lemma rel_T: "\<lbrakk>\<alpha> \<in> S; \<beta> \<in> S; m \<le> -1; l \<le> -1\<rbrakk> \<Longrightarrow> rel C \<alpha> \<beta> m l \<in> T"
proof -
  assume a: "\<alpha> \<in> S" "\<beta> \<in> S" "m \<le> -1" "l \<le> -1"
  have i1: "delta [(m,\<alpha>),(l,\<beta>)] \<in> T" and i2: "delta [(l,\<beta>),(m,\<alpha>)] \<in> T"
    using a by (auto intro!: T_delta simp: M_minus_def)
  have i3: "(\<lambda>x. C \<alpha> \<beta> * delta [(m+l, radd \<alpha> \<beta>)] x) \<in> T"
  proof (cases "C \<alpha> \<beta> = 0")
    case True then show ?thesis by (simp add: T_zero)
  next
    case False then have "radd \<alpha> \<beta> \<in> S" using C_closed a by blast
    then show ?thesis using a by (auto intro!: T_scal T_delta simp: M_minus_def)
  qed
  have "rel C \<alpha> \<beta> m l = (\<lambda>x. (delta [(m,\<alpha>),(l,\<beta>)] x + - delta [(l,\<beta>),(m,\<alpha>)] x) + - (C \<alpha> \<beta> * delta [(m+l, radd \<alpha> \<beta>)] x))"
    by (simp add: rel_eq)
  also have "\<dots> \<in> T"
    using T_add[OF T_add[OF i1 T_neg[OF i2]] T_neg[OF i3]] by simp
  finally show ?thesis .
qed

definition J_generators :: "('g letter list \<Rightarrow> complex) set" where "J_generators = {rel C \<alpha> \<beta> m l | \<alpha> \<beta> m l. \<alpha> \<in> S \<and> \<beta> \<in> S \<and> m \<le> -1 \<and> l \<le> -1}"

lemma J_generators_T: "J_generators \<subseteq> T"
  using rel_T by (auto simp: J_generators_def)

lemma J_eq_genideal: "J = genideal (word_ring T) J_generators"
  by (simp add: J_minus_def J_generators_def)

lemma J_ideal: "ideal J (word_ring T)"
proof -
  interpret R: ring "word_ring T" by (rule T_ring)
  show ?thesis unfolding J_eq_genideal by (rule R.genideal_ideal) (use J_generators_T in \<open>simp add: word_ring_def\<close>)
qed

lemma rel_J: "\<lbrakk>\<alpha> \<in> S; \<beta> \<in> S; m \<le> -1; l \<le> -1\<rbrakk> \<Longrightarrow> rel C \<alpha> \<beta> m l \<in> J"
proof -
  assume a: "\<alpha> \<in> S" "\<beta> \<in> S" "m \<le> -1" "l \<le> -1"
  interpret R: ring "word_ring T" by (rule T_ring)
  have "J_generators \<subseteq> J" unfolding J_eq_genideal by (rule R.genideal_self) (use J_generators_T in \<open>simp add: word_ring_def\<close>)
  moreover have "rel C \<alpha> \<beta> m l \<in> J_generators" using a unfolding J_generators_def by blast
  ultimately show ?thesis by (rule subsetD)
qed

lemma J_minimal: "ideal K (word_ring T) \<Longrightarrow> J_generators \<subseteq> K \<Longrightarrow> J \<subseteq> K"
proof -
  assume "ideal K (word_ring T)" "J_generators \<subseteq> K"
  interpret R: ring "word_ring T" by (rule T_ring)
  show ?thesis unfolding J_eq_genideal by (rule R.genideal_minimal) fact+
qed

lemma J_T: "f \<in> J \<Longrightarrow> f \<in> T"
  using ideal.I_l_closed[OF J_ideal] additive_subgroup.a_subset[OF ideal.axioms(1)[OF J_ideal]]
  by (auto simp: word_ring_def)

lemma J_zero: "(\<lambda>a. 0) \<in> J"
  using additive_subgroup.zero_closed[OF ideal.axioms(1)[OF J_ideal]] by (simp add: word_ring_def)

lemma J_add: "f \<in> J \<Longrightarrow> g \<in> J \<Longrightarrow> (\<lambda>a. f a + g a) \<in> J"
  using additive_subgroup.a_closed[OF ideal.axioms(1)[OF J_ideal]] by (simp add: word_ring_def)

lemma J_lconv: "f \<in> J \<Longrightarrow> h \<in> T \<Longrightarrow> conv h f \<in> J"
  using ideal.I_l_closed[OF J_ideal] by (simp add: word_ring_def)

lemma J_rconv: "f \<in> J \<Longrightarrow> h \<in> T \<Longrightarrow> conv f h \<in> J"
  using ideal.I_r_closed[OF J_ideal] by (simp add: word_ring_def)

• • • • •

In the listing, find every line with the word "lemma" and return it.

lemma rel_T: "\<lbrakk>\<alpha> \<in> S; \<beta> \<in> S; m \<le> -1; l \<le> -1\<rbrakk> \<Longrightarrow> rel C \<alpha> \<beta> m l \<in> T"
lemma J_generators_T: "J_generators \<subseteq> T"
lemma J_eq_genideal: "J = genideal (word_ring T) J_generators"
lemma J_ideal: "ideal J (word_ring T)"
lemma rel_J: "\<lbrakk>\<alpha> \<in> S; \<beta> \<in> S; m \<le> -1; l \<le> -1\<rbrakk> \<Longrightarrow> rel C \<alpha> \<beta> m l \<in> J"
lemma J_minimal: "ideal K (word_ring T) \<Longrightarrow> J_generators \<subseteq> K \<Longrightarrow> J \<subseteq> K"
lemma J_T: "f \<in> J \<Longrightarrow> f \<in> T"
lemma J_zero: "(\<lambda>a. 0) \<in> J"
lemma J_add: "f \<in> J \<Longrightarrow> g \<in> J \<Longrightarrow> (\<lambda>a. f a + g a) \<in> J"
lemma J_lconv: "f \<in> J \<Longrightarrow> h \<in> T \<Longrightarrow> conv h f \<in> J"
lemma J_rconv: "f \<in> J \<Longrightarrow> h \<in> T \<Longrightarrow> conv f h \<in> J"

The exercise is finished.